▶ _WHAT IS EXPECTED_: Please retype the records below exactly, from the first line down to and including the line with "Context: All rings".

*** ENTRIES PROVIDED ***

(* Let $R$ be a simple ring, $\delta$ a derivation of $R$, and $S=R[x;\delta]$ the differential polynomial ring. If $S$ is left quasi-duo or right quasi-duo, then $R$ is a field and $\delta=0$.
   Context: All rings are unital and associative. A derivation of $R$ is an additive map $\delta:R\to R$ with $\delta(rs)=r\delta(s)+\delta(r)s$. The differential polynomial ring $R[x;\delta]$ is, as a left $R$-module, the polynomial ring $R[x]$, with multiplication determined by $xr=rx+\delta(r)$ for $r\in R$. A ring is left (right) quasi-duo if every maximal left (right) ideal is two-sided. *)

theory Defs
  imports "HOL-Algebra.Algebra"
begin

definition simple_ring :: "('a, 'm) ring_scheme \<Rightarrow> bool" where
  "simple_ring R \<longleftrightarrow> ring R \<and> carrier R \<noteq> {\<zero>\<^bsub>R\<^esub>} \<and>
     (\<forall>I. ideal I R \<longrightarrow> I = {\<zero>\<^bsub>R\<^esub>} \<or> I = carrier R)"

definition derivation :: "('a, 'm) ring_scheme \<Rightarrow> ('a \<Rightarrow> 'a) \<Rightarrow> bool" where
  "derivation R \<delta> \<longleftrightarrow> \<delta> \<in> carrier R \<rightarrow> carrier R \<and>
     (\<forall>r\<in>carrier R. \<forall>s\<in>carrier R. \<delta> (r \<oplus>\<^bsub>R\<^esub> s) = \<delta> r \<oplus>\<^bsub>R\<^esub> \<delta> s) \<and>
     (\<forall>r\<in>carrier R. \<forall>s\<in>carrier R.
        \<delta> (r \<otimes>\<^bsub>R\<^esub> s) = r \<otimes>\<^bsub>R\<^esub> \<delta> s \<oplus>\<^bsub>R\<^esub> \<delta> r \<otimes>\<^bsub>R\<^esub> s)"

definition left_ideal :: "'a set \<Rightarrow> ('a, 'm) ring_scheme \<Rightarrow> bool" where
  "left_ideal I R \<longleftrightarrow> additive_subgroup I R \<and>
     (\<forall>a\<in>carrier R. \<forall>y\<in>I. a \<otimes>\<^bsub>R\<^esub> y \<in> I)"

definition right_ideal :: "'a set \<Rightarrow> ('a, 'm) ring_scheme \<Rightarrow> bool" where
  "right_ideal I R \<longleftrightarrow> additive_subgroup I R \<and>
     (\<forall>a\<in>carrier R. \<forall>y\<in>I. y \<otimes>\<^bsub>R\<^esub> a \<in> I)"

definition maximal_left_ideal :: "'a set \<Rightarrow> ('a, 'm) ring_scheme \<Rightarrow> bool" where
  "maximal_left_ideal I R \<longleftrightarrow> left_ideal I R \<and> I \<noteq> carrier R \<and>
     (\<forall>J. left_ideal J R \<and> I \<subseteq> J \<longrightarrow> J = I \<or> J = carrier R)"

definition maximal_right_ideal :: "'a set \<Rightarrow> ('a, 'm) ring_scheme \<Rightarrow> bool" where
  "maximal_right_ideal I R \<longleftrightarrow> right_ideal I R \<and> I \<noteq> carrier R \<and>
     (\<forall>J. right_ideal J R \<and> I \<subseteq> J \<longrightarrow> J = I \<or> J = carrier R)"

definition left_quasi_duo :: "('a, 'm) ring_scheme \<Rightarrow> bool" where
  "left_quasi_duo R \<longleftrightarrow> (\<forall>I. maximal_left_ideal I R \<longrightarrow> ideal I R)"

definition right_quasi_duo :: "('a, 'm) ring_scheme \<Rightarrow> bool" where
  "right_quasi_duo R \<longleftrightarrow> (\<forall>I. maximal_right_ideal I R \<longrightarrow> ideal I R)"

text \<open>S (with embedding \<iota> of R and distinguished element x) is the differential
  polynomial ring R[x;\<delta>]: a ring which is a free left R-module with basis
  1, x, x^2, ..., and in which x r = r x + \<delta>(r).\<close>
definition diff_poly_ring ::
  "('a, 'm) ring_scheme \<Rightarrow> ('a \<Rightarrow> 'a) \<Rightarrow> ('b, 'n) ring_scheme \<Rightarrow> ('a \<Rightarrow> 'b) \<Rightarrow> 'b \<Rightarrow> bool" where
  "diff_poly_ring R \<delta> S \<iota> x \<longleftrightarrow> ring R \<and> ring S \<and> \<iota> \<in> ring_hom R S \<and> x \<in> carrier S \<and>
     (\<forall>r\<in>carrier R. x \<otimes>\<^bsub>S\<^esub> \<iota> r = \<iota> r \<otimes>\<^bsub>S\<^esub> x \<oplus>\<^bsub>S\<^esub> \<iota> (\<delta> r)) \<and>
     (\<forall>s\<in>carrier S. \<exists>n f. f \<in> {..<n} \<rightarrow> carrier R \<and>
         s = (\<Oplus>\<^bsub>S\<^esub>i\<in>{..<n}. \<iota> (f i) \<otimes>\<^bsub>S\<^esub> x [^]\<^bsub>S\<^esub> (i::nat))) \<and>
     (\<forall>n f. f \<in> {..<n} \<rightarrow> carrier R \<and>
         (\<Oplus>\<^bsub>S\<^esub>i\<in>{..<n}. \<iota> (f i) \<otimes>\<^bsub>S\<^esub> x [^]\<^bsub>S\<^esub> (i::nat)) = \<zero>\<^bsub>S\<^esub>
         \<longrightarrow> (\<forall>i<n. f i = \<zero>\<^bsub>R\<^esub>))"

end

theory Submission
  imports Defs
begin

text \<open>
  For r \<in> R the element x - r of S = R[x;\<delta>] has no right inverse, and no left inverse when
  \<delta>(r) = 0: comparing coefficients from the top degree down kills every coefficient of a
  would-be inverse. So if S is left or right quasi-duo, x - r lies in a maximal one-sided ideal,
  which is a proper two-sided ideal M. Its contraction M \<inter> R is a proper ideal of the simple
  ring R, hence 0. The commutator of x - r with s \<in> R is \<delta>(s) - (rs - sr) \<in> M \<inter> R, so \<delta> is
  the inner derivation of r. For r = 0 this gives \<delta> = 0; then every r commutes with every s,
  and a simple commutative ring is a field.
\<close>

definition opposite_ring :: "('a, 'm) ring_scheme \<Rightarrow> ('a, 'm) ring_scheme" where
  "opposite_ring R = R\<lparr>mult := \<lambda>a b. b \<otimes>\<^bsub>R\<^esub> a\<rparr>"

lemma opposite_ring_simps [simp]:
  "carrier (opposite_ring R) = carrier R"
  "a \<otimes>\<^bsub>opposite_ring R\<^esub> b = b \<otimes>\<^bsub>R\<^esub> a"
  "\<one>\<^bsub>opposite_ring R\<^esub> = \<one>\<^bsub>R\<^esub>"
  "(\<oplus>\<^bsub>opposite_ring R\<^esub>) = (\<oplus>\<^bsub>R\<^esub>)"
  "\<zero>\<^bsub>opposite_ring R\<^esub> = \<zero>\<^bsub>R\<^esub>"
  by (simp_all add: opposite_ring_def)

lemma (in ring) ring_opposite_ring: "ring (opposite_ring R)"
proof -
  have "abelian_group (opposite_ring R)"
    using is_abelian_group unfolding abelian_group_def abelian_monoid_def abelian_group_axioms_def by simp
  moreover have "monoid (opposite_ring R)"
    by (rule monoidI) (auto simp: m_assoc)
  ultimately show ?thesis
    unfolding ring_def ring_axioms_def
    by (auto simp: l_distr r_distr opposite_ring_def)
qed

lemma left_ideal_opposite_ring_iff [simp]:
  "left_ideal I (opposite_ring R) \<longleftrightarrow> right_ideal I R"
  by (simp add: left_ideal_def right_ideal_def additive_subgroup_def)

lemma maximal_left_ideal_opposite_ring_iff [simp]:
  "maximal_left_ideal I (opposite_ring R) \<longleftrightarrow> maximal_right_ideal I R"
  by (simp add: maximal_left_ideal_def maximal_right_ideal_def)

lemma (in ring) ideal_opposite_ring_iff [simp]:
  "ideal I (opposite_ring R) \<longleftrightarrow> ideal I R"
  using ring_opposite_ring ring_axioms
  by (auto simp: ideal_def ideal_axioms_def additive_subgroup_def)

lemma (in ring) left_quasi_duo_opposite_ring_iff:
  "left_quasi_duo (opposite_ring R) \<longleftrightarrow> right_quasi_duo R"
  by (simp add: left_quasi_duo_def right_quasi_duo_def)

lemma (in ring) left_ideal_eq_carrier:
  assumes "left_ideal J R" and "\<one> \<in> J"
  shows "J = carrier R"
proof
  show "J \<subseteq> carrier R"
    using assms(1) additive_subgroup.a_subset unfolding left_ideal_def by blast
  show "carrier R \<subseteq> J"
  proof
    fix s assume "s \<in> carrier R"
    then have "s \<otimes> \<one> \<in> J" using assms unfolding left_ideal_def by blast
    then show "s \<in> J" using \<open>s \<in> carrier R\<close> by simp
  qed
qed

lemma (in ring) left_ideal_left_multiples:
  assumes "a \<in> carrier R"
  shows "left_ideal ((\<lambda>s. s \<otimes> a) ` carrier R) R"
  unfolding left_ideal_def
proof (intro conjI ballI additive_subgroupI subgroup.intro)
  fix u v assume "u \<in> (\<lambda>s. s \<otimes> a) ` carrier R" "v \<in> (\<lambda>s. s \<otimes> a) ` carrier R"
  then show "u \<otimes>\<^bsub>add_monoid R\<^esub> v \<in> (\<lambda>s. s \<otimes> a) ` carrier R"
    using assms by (auto simp: l_distr[symmetric] intro!: image_eqI)
next
  fix u assume "u \<in> (\<lambda>s. s \<otimes> a) ` carrier R"
  then show "inv\<^bsub>add_monoid R\<^esub> u \<in> (\<lambda>s. s \<otimes> a) ` carrier R"
    using assms by (auto simp: a_inv_def[symmetric] l_minus[symmetric] intro!: image_eqI)
next
  fix b u assume "b \<in> carrier R" "u \<in> (\<lambda>s. s \<otimes> a) ` carrier R"
  then show "b \<otimes> u \<in> (\<lambda>s. s \<otimes> a) ` carrier R"
    using assms by (auto simp: m_assoc[symmetric] intro!: image_eqI)
qed (use assms in \<open>auto intro!: image_eqI[where x = \<zero>]\<close>)

lemma (in ring) left_ideal_Union_chain:
  assumes "C \<noteq> {}" and "subset.chain {J. left_ideal J R} C"
  shows "left_ideal (\<Union>C) R"
proof -
  have ideals: "\<And>J. J \<in> C \<Longrightarrow> left_ideal J R"
    and chain: "\<And>J K. J \<in> C \<Longrightarrow> K \<in> C \<Longrightarrow> J \<subseteq> K \<or> K \<subseteq> J"
    using assms(2) unfolding subset.chain_def by auto
  then have subgroups: "\<And>J. J \<in> C \<Longrightarrow> subgroup J (add_monoid R)"
    unfolding left_ideal_def additive_subgroup_def by blast
  show ?thesis
    unfolding left_ideal_def
  proof (intro conjI ballI additive_subgroupI subgroup.intro)
    show "\<Union>C \<subseteq> carrier (add_monoid R)"
      using subgroups subgroup.subset by blast
    show "\<one>\<^bsub>add_monoid R\<^esub> \<in> \<Union>C"
      using assms(1) subgroups subgroup.one_closed by blast
  next
    fix u assume "u \<in> \<Union>C"
    then obtain J where "J \<in> C" "u \<in> J" by blast
    then have "inv\<^bsub>add_monoid R\<^esub> u \<in> J"
      using subgroup.m_inv_closed[OF subgroups] by blast
    then show "inv\<^bsub>add_monoid R\<^esub> u \<in> \<Union>C" using \<open>J \<in> C\<close> by blast
  next
    fix u v assume "u \<in> \<Union>C" "v \<in> \<Union>C"
    then obtain J K where JK: "J \<in> C" "K \<in> C" "u \<in> J" "v \<in> K" by blast
    then consider "u \<in> K" | "v \<in> J" using chain by blast
    then have "u \<otimes>\<^bsub>add_monoid R\<^esub> v \<in> J \<or> u \<otimes>\<^bsub>add_monoid R\<^esub> v \<in> K"
      using subgroup.m_closed[OF subgroups[OF \<open>J \<in> C\<close>]] subgroup.m_closed[OF subgroups[OF \<open>K \<in> C\<close>]] JK
      by cases auto
    then show "u \<otimes>\<^bsub>add_monoid R\<^esub> v \<in> \<Union>C" using JK by blast
  next
    fix b u assume "b \<in> carrier R" "u \<in> \<Union>C"
    then show "b \<otimes> u \<in> \<Union>C"
      using ideals unfolding left_ideal_def by blast
  qed
qed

*** End of ENTRIES PROVIDED ***

▶ _TASK ANSWER_:
(* Let $R$ be a simple ring, $\delta$ a derivation of $R$, and $S=R[x;\delta]$ the differential polynomial ring. If $S$ is left quasi-duo or right quasi-duo, then $R$ is a field and $\delta=0$.
   Context: All rings are unital and associative. A derivation of $R$ is an additive map $\delta:R\to R$ with $\delta(rs)=r\delta(s)+\delta(r)s$. The differential polynomial ring $R[x;\delta]$ is, as a left $R$-module, the polynomial ring $R[x]$, with multiplication determined by $xr=rx+\delta(r)$ for $r\in R$. A ring is left (right) quasi-duo if every maximal left (right) ideal is two-sided. *)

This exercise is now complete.